Records contained in a dataset
·····

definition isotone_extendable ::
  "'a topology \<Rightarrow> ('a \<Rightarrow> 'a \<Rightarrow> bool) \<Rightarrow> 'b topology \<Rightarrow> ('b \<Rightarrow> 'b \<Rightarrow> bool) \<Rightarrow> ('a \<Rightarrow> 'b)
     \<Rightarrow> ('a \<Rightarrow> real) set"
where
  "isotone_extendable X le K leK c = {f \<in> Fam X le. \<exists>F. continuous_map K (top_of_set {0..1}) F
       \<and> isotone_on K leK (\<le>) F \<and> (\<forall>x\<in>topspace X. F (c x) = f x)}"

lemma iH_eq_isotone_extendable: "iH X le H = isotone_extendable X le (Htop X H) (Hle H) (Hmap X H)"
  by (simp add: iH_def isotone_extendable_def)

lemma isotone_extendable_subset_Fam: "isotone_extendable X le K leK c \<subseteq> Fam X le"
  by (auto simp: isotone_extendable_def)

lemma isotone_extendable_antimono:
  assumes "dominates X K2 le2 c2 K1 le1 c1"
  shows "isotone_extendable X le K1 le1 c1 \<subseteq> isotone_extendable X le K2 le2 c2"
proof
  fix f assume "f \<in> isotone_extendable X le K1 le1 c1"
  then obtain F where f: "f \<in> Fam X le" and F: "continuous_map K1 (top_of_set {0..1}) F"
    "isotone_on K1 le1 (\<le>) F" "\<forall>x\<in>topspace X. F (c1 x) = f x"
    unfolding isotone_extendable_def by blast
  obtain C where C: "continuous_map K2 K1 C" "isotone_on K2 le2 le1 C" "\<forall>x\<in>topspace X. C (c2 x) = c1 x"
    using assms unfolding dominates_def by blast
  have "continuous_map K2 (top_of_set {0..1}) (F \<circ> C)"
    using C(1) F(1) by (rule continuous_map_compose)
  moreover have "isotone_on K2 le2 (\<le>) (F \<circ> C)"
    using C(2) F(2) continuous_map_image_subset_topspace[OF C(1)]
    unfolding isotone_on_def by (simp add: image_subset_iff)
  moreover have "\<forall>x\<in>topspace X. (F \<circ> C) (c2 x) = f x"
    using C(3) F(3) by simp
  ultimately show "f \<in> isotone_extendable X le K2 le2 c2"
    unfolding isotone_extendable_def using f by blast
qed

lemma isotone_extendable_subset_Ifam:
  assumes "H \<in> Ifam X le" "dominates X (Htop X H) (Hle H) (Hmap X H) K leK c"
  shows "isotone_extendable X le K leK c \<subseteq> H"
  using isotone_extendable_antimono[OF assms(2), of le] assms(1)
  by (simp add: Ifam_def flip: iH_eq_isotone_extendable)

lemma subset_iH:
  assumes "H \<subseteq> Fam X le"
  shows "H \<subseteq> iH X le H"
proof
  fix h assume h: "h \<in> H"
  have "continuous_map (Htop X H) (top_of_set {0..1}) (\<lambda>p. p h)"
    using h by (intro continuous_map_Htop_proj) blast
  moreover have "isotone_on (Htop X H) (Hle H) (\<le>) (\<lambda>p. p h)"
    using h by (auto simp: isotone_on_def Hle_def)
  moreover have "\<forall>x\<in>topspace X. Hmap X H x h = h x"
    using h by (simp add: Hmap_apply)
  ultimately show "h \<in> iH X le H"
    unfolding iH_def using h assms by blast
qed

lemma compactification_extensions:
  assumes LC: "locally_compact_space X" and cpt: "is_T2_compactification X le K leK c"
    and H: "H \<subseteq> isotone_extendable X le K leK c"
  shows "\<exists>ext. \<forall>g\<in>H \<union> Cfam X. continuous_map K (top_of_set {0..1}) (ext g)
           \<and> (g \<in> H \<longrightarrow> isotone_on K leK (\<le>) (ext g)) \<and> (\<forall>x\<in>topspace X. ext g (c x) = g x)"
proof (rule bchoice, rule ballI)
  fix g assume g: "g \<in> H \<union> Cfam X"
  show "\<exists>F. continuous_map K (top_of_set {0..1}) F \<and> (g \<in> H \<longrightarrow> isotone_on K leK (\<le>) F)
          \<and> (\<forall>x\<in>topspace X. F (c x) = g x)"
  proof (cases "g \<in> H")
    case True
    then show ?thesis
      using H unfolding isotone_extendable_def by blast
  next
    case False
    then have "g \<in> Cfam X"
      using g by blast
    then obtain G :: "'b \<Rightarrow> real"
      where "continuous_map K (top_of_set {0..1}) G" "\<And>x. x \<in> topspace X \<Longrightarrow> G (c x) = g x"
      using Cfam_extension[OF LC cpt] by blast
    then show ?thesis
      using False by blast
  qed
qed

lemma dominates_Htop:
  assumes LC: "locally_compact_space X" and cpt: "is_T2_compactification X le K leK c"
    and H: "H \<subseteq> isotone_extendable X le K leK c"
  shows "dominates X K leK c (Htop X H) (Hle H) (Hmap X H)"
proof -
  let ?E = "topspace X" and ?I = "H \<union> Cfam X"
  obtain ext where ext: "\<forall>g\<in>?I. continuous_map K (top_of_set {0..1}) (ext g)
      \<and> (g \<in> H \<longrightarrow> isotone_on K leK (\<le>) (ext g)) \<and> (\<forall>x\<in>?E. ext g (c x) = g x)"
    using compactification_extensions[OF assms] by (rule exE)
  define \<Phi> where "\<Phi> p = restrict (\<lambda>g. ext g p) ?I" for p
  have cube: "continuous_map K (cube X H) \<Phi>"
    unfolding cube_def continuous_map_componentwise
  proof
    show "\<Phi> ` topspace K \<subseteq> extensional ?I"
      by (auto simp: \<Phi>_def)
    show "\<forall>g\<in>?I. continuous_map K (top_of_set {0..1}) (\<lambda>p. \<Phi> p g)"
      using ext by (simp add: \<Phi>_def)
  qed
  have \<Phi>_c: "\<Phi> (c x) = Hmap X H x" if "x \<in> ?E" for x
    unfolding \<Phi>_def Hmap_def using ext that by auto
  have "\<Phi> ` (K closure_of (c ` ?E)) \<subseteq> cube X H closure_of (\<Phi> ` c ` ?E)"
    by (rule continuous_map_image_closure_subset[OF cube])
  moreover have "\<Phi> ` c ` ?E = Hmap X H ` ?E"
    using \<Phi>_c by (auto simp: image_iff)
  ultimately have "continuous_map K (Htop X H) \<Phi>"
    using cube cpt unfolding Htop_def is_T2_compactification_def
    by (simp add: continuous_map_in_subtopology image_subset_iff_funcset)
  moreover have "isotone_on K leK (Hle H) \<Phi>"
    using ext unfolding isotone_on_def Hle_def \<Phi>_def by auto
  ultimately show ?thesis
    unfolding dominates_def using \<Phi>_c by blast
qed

·····

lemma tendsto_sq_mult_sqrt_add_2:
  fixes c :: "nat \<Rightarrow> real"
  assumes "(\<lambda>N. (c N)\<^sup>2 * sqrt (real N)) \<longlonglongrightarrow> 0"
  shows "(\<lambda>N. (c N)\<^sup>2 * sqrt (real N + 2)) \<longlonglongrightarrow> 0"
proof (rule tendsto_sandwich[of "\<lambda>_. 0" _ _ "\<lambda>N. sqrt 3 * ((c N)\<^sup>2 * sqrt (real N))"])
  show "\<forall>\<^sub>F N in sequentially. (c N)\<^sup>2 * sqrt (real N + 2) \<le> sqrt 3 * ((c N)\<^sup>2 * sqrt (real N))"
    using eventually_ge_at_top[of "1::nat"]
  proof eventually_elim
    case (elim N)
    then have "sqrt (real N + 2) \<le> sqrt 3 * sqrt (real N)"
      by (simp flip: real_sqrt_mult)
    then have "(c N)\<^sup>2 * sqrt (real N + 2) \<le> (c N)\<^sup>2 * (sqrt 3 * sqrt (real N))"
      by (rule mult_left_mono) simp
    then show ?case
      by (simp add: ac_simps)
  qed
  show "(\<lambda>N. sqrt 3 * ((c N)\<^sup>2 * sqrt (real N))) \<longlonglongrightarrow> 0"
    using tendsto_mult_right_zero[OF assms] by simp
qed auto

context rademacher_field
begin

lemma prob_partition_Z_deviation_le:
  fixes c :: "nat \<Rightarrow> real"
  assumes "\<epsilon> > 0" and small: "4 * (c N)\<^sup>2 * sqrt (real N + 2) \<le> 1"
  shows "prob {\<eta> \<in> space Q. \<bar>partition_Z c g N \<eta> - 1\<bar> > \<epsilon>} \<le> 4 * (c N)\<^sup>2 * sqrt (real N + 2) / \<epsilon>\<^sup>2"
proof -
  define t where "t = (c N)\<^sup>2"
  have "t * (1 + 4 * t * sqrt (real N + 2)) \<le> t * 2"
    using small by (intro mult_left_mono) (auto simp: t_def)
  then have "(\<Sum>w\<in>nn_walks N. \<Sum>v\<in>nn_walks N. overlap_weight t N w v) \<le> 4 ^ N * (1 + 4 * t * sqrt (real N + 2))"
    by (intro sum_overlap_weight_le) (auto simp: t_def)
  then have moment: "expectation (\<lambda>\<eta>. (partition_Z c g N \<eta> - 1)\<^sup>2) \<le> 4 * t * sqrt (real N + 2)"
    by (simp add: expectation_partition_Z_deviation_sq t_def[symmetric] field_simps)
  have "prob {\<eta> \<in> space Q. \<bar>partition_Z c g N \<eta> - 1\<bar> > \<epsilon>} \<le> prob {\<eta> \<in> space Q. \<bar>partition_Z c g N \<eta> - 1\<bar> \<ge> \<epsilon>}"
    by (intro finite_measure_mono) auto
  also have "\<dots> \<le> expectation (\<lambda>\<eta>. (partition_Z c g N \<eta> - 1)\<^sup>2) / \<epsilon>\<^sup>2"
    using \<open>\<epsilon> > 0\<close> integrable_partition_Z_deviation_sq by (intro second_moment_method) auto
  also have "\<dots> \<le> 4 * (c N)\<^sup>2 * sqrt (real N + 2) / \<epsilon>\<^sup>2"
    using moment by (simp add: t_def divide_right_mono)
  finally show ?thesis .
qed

·····

▸ What you should do
Within the data above, the lines from the one with "K2 le2 (\<le>)" to the one with "X. (F \<circ>" must be repeated exactly; no other line belongs in the answer.

▸ Answer to this exercise
  moreover have "isotone_on K2 le2 (\<le>) (F \<circ> C)"
    using C(2) F(2) continuous_map_image_subset_topspace[OF C(1)]
    unfolding isotone_on_def by (simp add: image_subset_iff)
  moreover have "\<forall>x\<in>topspace X. (F \<circ> C) (c2 x) = f x"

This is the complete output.